Dr John Tierney is made a Member of the Order of Australia
Dr John Tierney, has been made a Member of the Order of Australia in this year’s Queen’s Birthday Honours, for significant services to people with polio and in his roles as Polio Australia’s national patron and its president from 2012 to 2017. Below is some media surrounding his award:
John Tierney on ABC Newcastle Radio (2NC):
Article from The Newcastle Herald (10th June 2019):
JOHN Tierney will never forget the reaction he received when he first started taking polio survivors to Parliament House in Canberra to press their case for assistance.
“We met the [health] minister and he said ‘Polio? Didn’t we get rid of that 60 years ago?'” he said.
“That was the level of knowledge in the parliament – zero – that there were 400,000 people in Australia that had been badly affected by the epidemics of the 20th century and that we’re still here.”
Dr Tierney has sat on both sides – as politician, having served as a federal senator for NSW, and polio survivor. He contracted the disease that attacks the central nervous system when he was born, after a doctor who had attended a polio case “didn’t wash his hands properly” before delivering baby John.
He wore an iron caliper on his left leg to 12 and now lives with the late effects of polio, advocating for survivors with the hope of raising awareness and funds.
“All polio survivors are Type A personalities,” Dr Tierney said.
“We’re all driven, we won’t let anything beat us. Polio tried to kill us and nothing else will. We just keep ploughing on.”
Dr Tierney has been made a Member of the Order of Australia in this year’s Queen’s Birthday Honours, for significant services to people with polio and in his roles as Polio Australia’s national patron and its president from 2012 to 2017. It follows him receiving Medal of the Order of Australia in 2012, for service to the Parliament of Australia, to education and to the community. “I’m quite honoured,” he said from his Newcastle East home.
Dr Tierney’s role has involved establishing the Parliamentary Friends of Polio Survivors group; appointing parliamentary patrons; bringing an event called Walk With Me to Parliament House, speaking to Rotary clubs and organising an international conference. But he said the highlight was securing government funding to train doctors and allied health professionals about the bodies of people with polio. A three year package has recently been renewed for another three years.

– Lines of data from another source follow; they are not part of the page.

lemma eventually_atoms_in_piece:
  "eventually (\<lambda>m. \<forall>A\<in>atoms X f N P m. A \<noteq> {} \<longrightarrow> (\<exists>i\<in>{1..N}. A \<subseteq> P i)) sequentially"
proof -
  obtain e where e: "e > 0" "\<And>x. x \<in> attractor X f N P \<Longrightarrow> \<exists>i\<in>{1..N}. ball x e \<inter> X \<subseteq> P i"
    using attractor_Lebesgue_number by blast
  have "eventually (\<lambda>m. Lambda_n X f N P m \<subseteq> (\<Union>z\<in>attractor X f N P. ball z (e/2)) \<and>
      (\<forall>A\<in>atoms X f N P m. \<forall>x\<in>A. \<forall>y\<in>A. dist x y < e/2)) sequentially"
    using e(1) by (intro eventually_conj eventually_Lambda_n_near_attractor eventually_atoms_small) simp_all
  then show ?thesis
  proof (rule eventually_mono, intro ballI impI)
    fix m A
    assume near: "Lambda_n X f N P m \<subseteq> (\<Union>z\<in>attractor X f N P. ball z (e/2)) \<and>
        (\<forall>A\<in>atoms X f N P m. \<forall>x\<in>A. \<forall>y\<in>A. dist x y < e/2)"
      and A: "A \<in> atoms X f N P m" "A \<noteq> {}"
    obtain a where "a \<in> A"
      using A(2) by blast
    then have "a \<in> Lambda_n X f N P m"
      using A(1) unfolding Lambda_n_def by blast
    then obtain z where z: "z \<in> attractor X f N P" "dist z a < e/2"
      using near by auto
    have "A \<subseteq> ball z e"
    proof
      fix y assume "y \<in> A"
      then have "dist a y < e/2"
        using near A(1) \<open>a \<in> A\<close> by blast
      then show "y \<in> ball z e"
        using z(2) dist_triangle[of z y a] by simp
    qed
    moreover have "A \<subseteq> X"
      using atom_subset[OF maps_into closed_space A(1)] .
    ultimately show "\<exists>i\<in>{1..N}. A \<subseteq> P i"
      using e(2)[OF z(1)] by blast
  qed
qed
text \<open>Past the column, u's prefix contains t, while p's prefix has no value in (p (s r), t].\<close>
lemma count_gap_past_column:
  assumes r: "r < m" "s r \<le> k" "k < s (Suc r)" and "c \<le> k" "k \<le> n"
    and a: "p (s r) < a" "a \<le> t"
  shows "card (u ` {1..k} \<inter> {..<a}) < card (p ` {1..k} \<inter> {..<a})"
proof -
  have "p ` {1..k} \<inter> {..<Suc t} = p ` {1..k} \<inter> {..<a}"
    using window_free_before_s[OF r(1)] r a by fastforce
  moreover have "t \<in> u ` {1..k}" using target_in_column \<open>c \<le> k\<close> by auto
  hence "insert t (u ` {1..k} \<inter> {..<a}) \<subseteq> u ` {1..k} \<inter> {..<Suc t}" using a by auto
  hence "card (insert t (u ` {1..k} \<inter> {..<a})) \<le> card (u ` {1..k} \<inter> {..<Suc t})"
    by (intro card_mono) auto
  hence "card (u ` {1..k} \<inter> {..<a}) < card (u ` {1..k} \<inter> {..<Suc t})" using a by simp
  moreover have "card (u ` {1..k} \<inter> {..<Suc t}) \<le> card (p ` {1..k} \<inter> {..<Suc t})"
    using p_le_u \<open>k \<le> n\<close> unfolding ehresmann_le_def by blast
  ultimately show ?thesis by simp
qed

text \<open>Inside the column, u's prefix takes fewer than i values below t from the target column,
  while p 1, ..., p i all lie below a.\<close>
lemma count_gap_within_column:
  assumes r: "r < m" "s r \<le> k" "k < s (Suc r)" and "k < c"
    and a: "p (s r) < a" "a \<le> t"
  shows "card (u ` {1..k} \<inter> {..<a}) < card (p ` {1..k} \<inter> {..<a})"
proof -
  have "r = 0" using s_beyond_column[of r] r \<open>k < c\<close> by (cases r) auto
  have "card (u ` {1..k} \<inter> {..<a}) \<le> card (u ` {1..c} \<inter> {..<t})"
    using \<open>k < c\<close> a by (intro card_mono) auto
  also have "\<dots> < i" by (rule target_rank)
  also have "i = card (p ` {1..i})"
    using permutes_inj[OF perm] by (simp add: card_image inj_on_subset)
  also have "\<dots> \<le> card (p ` {1..k} \<inter> {..<a})"
  proof (intro card_mono)
    show "p ` {1..i} \<subseteq> p ` {1..k} \<inter> {..<a}"
      using rows_above \<open>r = 0\<close> r a by (fastforce simp: le_less)
  qed simp
  finally show ?thesis .
qed

lemma cycle_ehresmann_le: "ehresmann_le n p' u"
  unfolding ehresmann_le_def
proof (intro allI impI)
  fix k a assume "k \<le> n"
  have base: "card (u ` {1..k} \<inter> {..<a}) \<le> card (p ` {1..k} \<inter> {..<a})"
    using p_le_u \<open>k \<le> n\<close> unfolding ehresmann_le_def by blast
  show "card (u ` {1..k} \<inter> {..<a}) \<le> card (p' ` {1..k} \<inter> {..<a})"
  proof (cases "k < i \<or> s m \<le> k")
    case True
    thus ?thesis using base cycle_image_before cycle_image_after by auto
  next
    case False
    then obtain r where r: "r < m" "s r \<le> k" "k < s (Suc r)"
      using nat_step_crossing[of s k m] by auto
    have "s r \<in> {1..k}" using r i_le_s[of r] row by auto
    moreover have "s m \<notin> {1..k}" using False by auto
    ultimately have "p (s r) \<in> p ` {1..k}" "p (s m) \<notin> p ` {1..k}"
      by (simp_all add: inj_image_mem_iff[OF permutes_inj[OF perm]])
    moreover have "p (s r) < t" using p_s_less_target r by blast
    moreover have "card (u ` {1..k} \<inter> {..<a}) < card (p ` {1..k} \<inter> {..<a})"
      if "p (s r) < a" "a \<le> t"
      using count_gap_past_column[OF r _ \<open>k \<le> n\<close> that] count_gap_within_column[OF r _ that]
      by (cases "c \<le> k") auto
    ultimately show ?thesis
      unfolding cycle_image_crossing[OF r] using base p_s_m by (intro card_below_exchange_ge) auto
  qed
qed

end

section \<open>Processing a column\<close>

lemma col_len_le: "col_len n lam j \<le> n"
  unfolding col_len_def by (rule order_trans[OF card_mono[of "{1..n}"]]) auto

lemma col_len_antimono: "j \<le> j' \<Longrightarrow> col_len n lam j' \<le> col_len n lam j"
  unfolding col_len_def by (intro card_mono) auto

locale sstableau =
  fixes n :: nat and lam :: "nat \<Rightarrow> nat" and T :: "nat \<Rightarrow> nat \<Rightarrow> nat"
  assumes sstableau: "is_sstableau n lam T"
begin

abbreviation cl :: "nat \<Rightarrow> nat" where
  "cl j \<equiv> col_len n lam j"

lemma entry_range: "1 \<le> j \<Longrightarrow> j \<le> lam 1 \<Longrightarrow> 1 \<le> q \<Longrightarrow> q \<le> cl j \<Longrightarrow> T j q \<in> {1..n}"
  using sstableau unfolding is_sstableau_def by blast

lemma row_mono: "1 \<le> j \<Longrightarrow> j + 1 \<le> lam 1 \<Longrightarrow> 1 \<le> q \<Longrightarrow> q \<le> cl (j + 1) \<Longrightarrow> T j q \<le> T (j + 1) q"
  using sstableau unfolding is_sstableau_def by blast

lemma column_step: "1 \<le> j \<Longrightarrow> j \<le> lam 1 \<Longrightarrow> 1 \<le> q \<Longrightarrow> q + 1 \<le> cl j \<Longrightarrow> T j q < T j (q + 1)"
  using sstableau unfolding is_sstableau_def by blast

lemma column_strict_mono:
  assumes "1 \<le> j" "j \<le> lam 1" "1 \<le> q" "q < q'" "q' \<le> cl j"
  shows "T j q < T j q'"
  using assms(4,5)
proof (induction q')
  case (Suc q')
  have "T j q' < T j (Suc q')" using column_step[of j q'] assms(1-3) Suc.prems by simp
  thus ?case using Suc by (cases "q = q'") auto
qed simp

lemma column_rank:
  assumes "1 \<le> j" "j \<le> lam 1" "1 \<le> q" "q \<le> cl j"
  shows "card (col_set n lam T j \<inter> {..<T j q}) < q"
proof -
  have "col_set n lam T j \<inter> {..<T j q} \<subseteq> T j ` {1..q - 1}"
  proof
    fix v assume "v \<in> col_set n lam T j \<inter> {..<T j q}"
    then obtain q' where q': "q' \<in> {1..cl j}" "v = T j q'" "T j q' < T j q"
      unfolding col_set_def by auto
    have "q' < q"
    proof (rule ccontr)
      assume "\<not> q' < q"
      hence "T j q \<le> T j q'"
        using column_strict_mono[of j q q'] assms q'(1) by (cases "q = q'") auto
      thus False using q'(3) by simp
    qed
    thus "v \<in> T j ` {1..q - 1}" using q'(1,2) by auto
  qed
  hence "card (col_set n lam T j \<inter> {..<T j q}) \<le> card (T j ` {1..q - 1})" by (intro card_mono) auto
  also have "\<dots> \<le> q - 1" using card_image_le[of "{1..q - 1}" "T j"] by simp
  finally show ?thesis using assms(3) by simp
qed

text \<open>The state \<open>\<pi>\<close> = \<pi>^(j,i+1) of the greedy procedure inside column j, started from
  p0 = \<pi>^(j-1,1): rows up to i still show column j - 1, the rows below already show column j.\<close>
definition column_invariant :: "nat \<Rightarrow> (nat \<Rightarrow> nat) \<Rightarrow> nat \<Rightarrow> (nat \<Rightarrow> nat) \<Rightarrow> bool" where
  "column_invariant j p0 i \<pi> \<longleftrightarrow> \<pi> permutes {1..n}
     \<and> (\<forall>q. 1 \<le> q \<and> q \<le> i \<longrightarrow> \<pi> q = T (j - 1) q)
     \<and> (\<forall>q. i < q \<and> q \<le> cl j \<longrightarrow> \<pi> q = T j q)
     \<and> bruhat_le n p0 \<pi>
     \<and> (\<forall>u. u permutes {1..n} \<and> u ` {1..cl j} = col_set n lam T j \<and> ehresmann_le n p0 u
           \<longrightarrow> ehresmann_le n \<pi> u)"

lemma greedy_cycle_data_at_row:
  assumes j: "2 \<le> j" "j \<le> lam 1" and r: "1 \<le> r" "r \<le> cl j"
    and perm: "\<pi> permutes {1..n}"
    and left: "\<And>q. 1 \<le> q \<Longrightarrow> q \<le> r \<Longrightarrow> \<pi> q = T (j - 1) q"
    and right: "\<And>q. r < q \<Longrightarrow> q \<le> cl j \<Longrightarrow> \<pi> q = T j q"
    and moves: "T (j - 1) r \<noteq> T j r"
  shows "greedy_cycle_data n (cl j) (T j r) r \<pi>"
proof
  have cl: "cl j \<le> cl (j - 1)" by (rule col_len_antimono) simp
  have "T (j - 1) r \<le> T j r" using row_mono[of "j - 1" r] j r by simp
  thus "\<pi> r < T j r" using left[of r] r moves by simp
  show "T j r \<le> n" using entry_range[of j r] j r by simp
  show "cl j \<le> n" by (rule col_len_le)
  fix q assume q: "q \<in> {1..cl j}"
  consider "q < r" | "q = r" | "r < q" by linarith
  thus "\<not> (\<pi> r < \<pi> q \<and> \<pi> q \<le> T j r)"
  proof cases
    case 1
    moreover have "1 \<le> j - 1" "j - 1 \<le> lam 1" using j by auto
    ultimately show ?thesis
      using left[of q] left[of r] column_strict_mono[of "j - 1" q r] r q cl by simp
  next
    case 3
    thus ?thesis using right[of q] column_strict_mono[of j r q] j r q by simp
  qed simp
qed (use perm r in auto)

lemma greedy_cycle_ehresmann_least:
  assumes j: "2 \<le> j" "j \<le> lam 1" and r: "1 \<le> r" "r \<le> cl j"
    and perm: "\<pi> permutes {1..n}"
    and left: "\<And>q. 1 \<le> q \<Longrightarrow> q \<le> r \<Longrightarrow> \<pi> q = T (j - 1) q"
    and right: "\<And>q. r < q \<Longrightarrow> q \<le> cl j \<Longrightarrow> \<pi> q = T j q"
    and moves: "T (j - 1) r \<noteq> T j r"
    and u: "u permutes {1..n}" "u ` {1..cl j} = col_set n lam T j" "ehresmann_le n \<pi> u"
  shows "ehresmann_le n (greedy_cycle n (cl j) (T j r) r \<pi>) u"
proof -
  interpret greedy_cycle_data n "cl j" "T j r" r \<pi>
    by (rule greedy_cycle_data_at_row[OF j r perm left right moves])
  interpret greedy_cycle_competitor n "cl j" "T j r" r \<pi> u
  proof
    show "T j r \<in> u ` {1..cl j}" using u r by (auto simp: col_set_def)
    show "card (u ` {1..cl j} \<inter> {..<T j r}) < r" using column_rank[of j r] u j r by simp
    show "\<pi> q < \<pi> r" if "1 \<le> q" "q < r" for q
      using left[of q] left[of r] column_strict_mono[of "j - 1" q r] that j r
        col_len_antimono[of "j - 1" j n lam] by simp
  qed (use u in simp_all)
  show ?thesis by (rule cycle_ehresmann_le)
qed
text \<open>A Khintchine-type bound, obtained from the second and fourth moments of a sum of
  random signs through the polynomial minorant above with \<open>a\<^sup>2 = 2 n\<close>.\<close>
lemma sign_avg_abs_sum_list_ge:
  assumes "n \<ge> 1"
  shows "3 * sqrt n / (4 * sqrt 2) \<le> sign_avg (\<lambda>ys. \<bar>sum_list ys\<bar>) n"
proof -
  define a where "a = sqrt (2 * real n)"
  have a0: "a > 0" using assms by (simp add: a_def)
  have a2: "a^2 = 2 * real n" by (simp add: a_def)
  have a3: "a^3 = 2 * real n * a" by (metis a2 power2_eq_square power3_eq_cube mult.commute)
  have "a = sqrt 2 * sqrt n" by (simp add: a_def real_sqrt_mult)
  moreover have "real n = sqrt n * sqrt n" "sqrt n > 0" using assms by simp_all
  ultimately have "3 * sqrt n / (4 * sqrt 2) = 3 * real n / (4 * a)"
    by (subst (2) \<open>real n = sqrt n * sqrt n\<close>) (simp add: field_simps)
  also have "\<dots> = 3 * real n ^ 2 / (2 * a^3)"
    using a0 assms unfolding a3 by (simp add: power2_eq_square field_simps)
  also have "\<dots> \<le> (3 * a^2 * real n - (3 * real n ^ 2 - 2 * real n)) / (2 * a^3)"
    using a0 unfolding a2 by (intro divide_right_mono) (auto simp: power2_eq_square)
  also have "\<dots> = sign_avg (\<lambda>ys. (3 * a^2 * (sum_list ys)^2 - (sum_list ys)^4) / (2 * a^3)) n"
    using sign_avg_cmult[of "1 / (2 * a^3)" "\<lambda>ys. 3 * a^2 * (sum_list ys)^2 - (sum_list ys)^4" n]
      sign_avg_diff[of "\<lambda>ys. 3 * a^2 * (sum_list ys)^2" "\<lambda>ys. (sum_list ys)^4" n]
      sign_avg_cmult[of "3 * a^2" "\<lambda>ys. (sum_list ys)^2" n]
      sign_avg_sum_list_power2[of 0 n] sign_avg_sum_list_power4[of 0 n]
    by simp
  also have "\<dots> \<le> sign_avg (\<lambda>ys. \<bar>sum_list ys\<bar>) n"
    by (rule sign_avg_mono) (rule abs_ge_quartic_minorant[OF a0])
  finally show ?thesis .
qed

lemma card_mismatch_sign:
  assumes "set zs \<subseteq> {-1, 1}" "\<sigma> \<in> {-1, 1}"
  shows "real (card {i. i < length zs \<and> zs ! i \<noteq> \<sigma>}) = (real (length zs) - \<sigma> * sum_list zs) / 2"
proof -
  have "real (length (filter (\<lambda>x. x \<noteq> \<sigma>) zs)) = (real (length zs) - \<sigma> * sum_list zs) / 2"
    using assms by (induction zs) (auto simp: field_simps)
  then show ?thesis by (simp add: length_filter_conv_card)
qed

lemma card_mismatch_majority:
  assumes "set zs \<subseteq> {-1, 1}"
  shows "real (card {i. i < length zs \<and> zs ! i \<noteq> (if 0 \<le> sum_list zs then 1 else -1)})
     = (real (length zs) - \<bar>sum_list zs\<bar>) / 2"
  using card_mismatch_sign[OF assms, of "if 0 \<le> sum_list zs then 1 else -1"] by (auto split: if_splits)

fun adaptive_seq ::
  "((real \<times> real) list \<Rightarrow> real) \<Rightarrow> (real \<times> real) list \<Rightarrow> real list \<Rightarrow> (real \<times> real) list"
where
  "adaptive_seq X h [] = h"
| "adaptive_seq X h (y # ys) = adaptive_seq X (h @ [(X h, y)]) ys"

lemma length_adaptive_seq: "length (adaptive_seq X h ys) = length h + length ys"
  by (induction ys arbitrary: h) auto

lemma map_snd_adaptive_seq: "map snd (adaptive_seq X h ys) = map snd h @ ys"
  by (induction ys arbitrary: h) auto
(* Let $\vec{\mathcal G}=([n],E)$ be a directed graph with $m=|E|$ edges, every vertex having at least one outgoing edge and having at least one directed cycle. Let the weights $(r_{ij})_{(i,j)\in E}$ be independent absolutely continuous random variables, where $r_{ij}$ has density $f_{ij}$ and there is $\phi>0$ with $f_{ij}(y)\le\phi$ for all $(i,j)\in E$ and $y\in\mathbb R$. For $k\in[n]$ let $X^{(k)}_{ij}(r)$ be the $k$-th break point (in increasing order) of the function $x\mapsto\lambda(x,r_{-ij})$, with the convention $X^{(k)}_{ij}=0$ if this function has fewer than $k$ break points. Then for every $\alpha>0$, $$\mathbb P\bigl(\exists (i,j)\in E,\ \exists k\in[n]:\ |r_{ij}-X^{(k)}_{ij}|\le\alpha\bigr)\le 2\alpha n m\phi .$$
   Context: For weights $r$, $\lambda(r)$ is the minimum over all directed cycles of $\vec{\mathcal G}$ of the mean weight (sum of edge weights divided by number of edges) of the cycle; the function $x\mapsto\lambda(x,r_{-ij})$ is continuous and piecewise affine with at most $n$ break points. Here $r_{-ij}$ is $r$ with coordinate $ij$ removed and $(x,r_{-ij})$ is $r$ with coordinate $ij$ replaced by $x$. *)

theory Defs
  imports "HOL-Probability.Probability"
begin

type_synonym edge = "nat \<times> nat"
(* Let $W=e^{-q}$ be the bivariate Freud weight and $\{\mathbb{P}_n\}$ an orthonormal polynomial system for it, with matrices $G^n_k$, $G_n$, $A_{n,i}$ as in the context. Then for all $n\geqslant0$ and $i,j\in\{1,2\}$, $$A_{n,i}A_{n,j}^T+A_{n-1,i}^TA_{n-1,j}=G^n_{n-2}G_{n-2}^{-1}A_{n-2,i}A_{n-1,j}-A_{n,i}A_{n+1,j}G^{n+2}_nG_n^{-1}.$$
   Context: Parameters $a_{4,0},a_{2,2},a_{0,4}\geqslant0$, $a_{2,0},a_{0,2}\in\mathbb{R}$, $a_{4,0}+a_{2,2}>0$, $a_{2,2}+a_{0,4}>0$; $q(x,y)=a_{4,0}x^4+a_{2,2}x^2y^2+a_{0,4}y^4+a_{2,0}x^2+a_{0,2}y^2$, $W=e^{-q}$, inner product $(f,g)=\iint_{\mathbb{R}^2}fgW\,dx\,dy$ (entrywise on vectors). $\mathbb{X}_n=(x^n,x^{n-1}y,\dots,y^n)^T$. An orthonormal polynomial system: column vectors $\mathbb{P}_n=(P_{n,0},\dots,P_{n,n})^T$ of linearly independent polynomials of exact total degree $n$ with $(\mathbb{P}_n,\mathbb{P}_m^T)=\delta_{nm}I_{n+1}$. Write $\mathbb{P}_n=\sum_kG^n_k\mathbb{X}_k$ with constant $(n+1)\times(k+1)$ matrices, $G_n:=G^n_n$ invertible, convention $G^n_m=0$ for $m<0$ or $m>n$. $A_{n,i}$ ($(n+1)\times(n+2)$) are defined by $x\mathbb{P}_n=A_{n,1}\mathbb{P}_{n+1}+A_{n-1,1}^T\mathbb{P}_{n-1}$, $y\mathbb{P}_n=A_{n,2}\mathbb{P}_{n+1}+A_{n-1,2}^T\mathbb{P}_{n-1}$, $n\geqslant0$, $\mathbb{P}_{-1}=0$; matrices $A_{m,i}$ with $m<0$ are taken to be zero. *)

theory Defs
  imports "HOL-Analysis.Lebesgue_Measure" "Jordan_Normal_Form.Matrix"
begin

definition freud_q :: "real \<Rightarrow> real \<Rightarrow> real \<Rightarrow> real \<Rightarrow> real \<Rightarrow> real \<Rightarrow> real \<Rightarrow> real" where
  "freud_q a40 a22 a04 a20 a02 x y =
     a40 * x^4 + a22 * x^2 * y^2 + a04 * y^4 + a20 * x^2 + a02 * y^2"

definition freud_W :: "real \<Rightarrow> real \<Rightarrow> real \<Rightarrow> real \<Rightarrow> real \<Rightarrow> real \<Rightarrow> real \<Rightarrow> real" where
  "freud_W a40 a22 a04 a20 a02 x y = exp (- freud_q a40 a22 a04 a20 a02 x y)"

definition inner_W :: "(real \<Rightarrow> real \<Rightarrow> real) \<Rightarrow> (real \<Rightarrow> real \<Rightarrow> real) \<Rightarrow> (real \<Rightarrow> real \<Rightarrow> real)
    \<Rightarrow> real" where
  "inner_W W f g = integral\<^sup>L (lborel :: (real \<times> real) measure) (\<lambda>(x, y). f x y * g x y * W x y)"

definition monvec :: "nat \<Rightarrow> real \<Rightarrow> real \<Rightarrow> real vec" where
  "monvec k x y = vec (k + 1) (\<lambda>j. x ^ (k - j) * y ^ j)"

definition Pvec :: "(nat \<Rightarrow> nat \<Rightarrow> real mat) \<Rightarrow> nat \<Rightarrow> real \<Rightarrow> real \<Rightarrow> real vec" where
  "Pvec G n x y = vec (n + 1) (\<lambda>i. \<Sum>k\<le>n. (G n k *\<^sub>v monvec k x y) $ i)"

definition orthonormal_system :: "(real \<Rightarrow> real \<Rightarrow> real) \<Rightarrow> (nat \<Rightarrow> nat \<Rightarrow> real mat) \<Rightarrow> bool" where
  "orthonormal_system W G \<longleftrightarrow>
     (\<forall>n k. k \<le> n \<longrightarrow> G n k \<in> carrier_mat (n + 1) (k + 1)) \<and>
     (\<forall>n. invertible_mat (G n n)) \<and>
     (\<forall>n m i j. i \<le> n \<longrightarrow> j \<le> m \<longrightarrow>
        integrable (lborel :: (real \<times> real) measure)
          (\<lambda>(x, y). (Pvec G n x y $ i) * (Pvec G m x y $ j) * W x y) \<and>
        inner_W W (\<lambda>x y. Pvec G n x y $ i) (\<lambda>x y. Pvec G m x y $ j)
          = (if n = m \<and> i = j then 1 else 0))"

definition coord :: "nat \<Rightarrow> real \<Rightarrow> real \<Rightarrow> real" where
  "coord i x y = (if i = 1 then x else y)"

definition three_term :: "(nat \<Rightarrow> nat \<Rightarrow> real mat) \<Rightarrow> (nat \<Rightarrow> nat \<Rightarrow> real mat) \<Rightarrow> bool" where
  "three_term G A \<longleftrightarrow>
     (\<forall>n i. i \<in> {1, 2} \<longrightarrow> A n i \<in> carrier_mat (n + 1) (n + 2)) \<and>
     (\<forall>n i x y. i \<in> {1, 2} \<longrightarrow>
        coord i x y \<cdot>\<^sub>v Pvec G n x y =
          A n i *\<^sub>v Pvec G (n + 1) x y +
          (if n = 0 then 0\<^sub>v (n + 1) else transpose_mat (A (n - 1) i) *\<^sub>v Pvec G (n - 1) x y))"

definition minv :: "real mat \<Rightarrow> real mat" where
  "minv M = (SOME B. B \<in> carrier_mat (dim_row M) (dim_row M) \<and>
                     M * B = 1\<^sub>m (dim_row M) \<and> B * M = 1\<^sub>m (dim_row M))"

end

theory Submission
  imports Defs
begin

(*
  Comparing the coefficients of the monomial vectors X_k on both sides of the three-term relation
  x_i P_m = A_{m,i} P_{m+1} + A_{m-1,i}^T P_{m-1} gives matrix identities. With L_{k,i} the 0/1 matrix
  such that x_i X_k = L_{k,i} X_{k+1}, the coefficient of X_{m+1} gives G_m L_{m,i} = A_{m,i} G_{m+1},
  and that of X_{m-1} gives G^m_{m-2} L_{m-2,i} = A_{m,i} G^{m+1}_{m-1} + A_{m-1,i}^T G_{m-1}.
  Using the second identity for x_j P_{n+1}, the first for x_j P_{n-1} and the second again for
  x_i P_n, one finds
    (A_{n,i} A_{n,j}^T + A_{n-1,i}^T A_{n-1,j}) G_n
      = G^n_{n-2} L_{n-2,i} L_{n-1,j} - A_{n,i} A_{n+1,j} G^{n+2}_n,
  and the first identity, applied twice, rewrites G^n_{n-2} L_{n-2,i} L_{n-1,j} as
  G^n_{n-2} G_{n-2}^{-1} A_{n-2,i} A_{n-1,j} G_n.
*)

(* The carrier_mat forms of these laws in Jordan_Normal_Form leave the inner dimension of a product
   as an unknown that simp cannot instantiate; stated with dimensions, simp solves their side
   conditions. *)
lemma assoc_mult_mat_dim:
  "dim_col A = dim_row B \<Longrightarrow> dim_col B = dim_row C \<Longrightarrow> A * B * C = A * (B * (C :: 'a :: semiring_0 mat))"
  by (rule assoc_mult_mat[OF carrier_matI carrier_matI carrier_matI]) auto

“That was incredibly challenging – I spent seven years down there twice a year lobbying and it really annoyed me that we weren’t making a lot of headway so I stayed with it until we actually got the funding… I look back on that with great pride. It was successful in the end just by sheer persistence.”
He is still pushing for polio survivors – and everyone over 65 – to be included in the National Disability Insurance Scheme.
“We are the only disability, the only disease actually, that hits you when you’re young… and then comes back to bite you again when you’re old. The disease doesn’t come back, but the damage it’s done creates these late effects of polio.”
Dr Tierney is mostly affected on his left side and the bottom half of his body.
While it would be easy to feel bitter towards the doctor who delivered him, “I was born with a really optimistic outlook. If you’re dealt a bad hand you look at what good cards you might have.”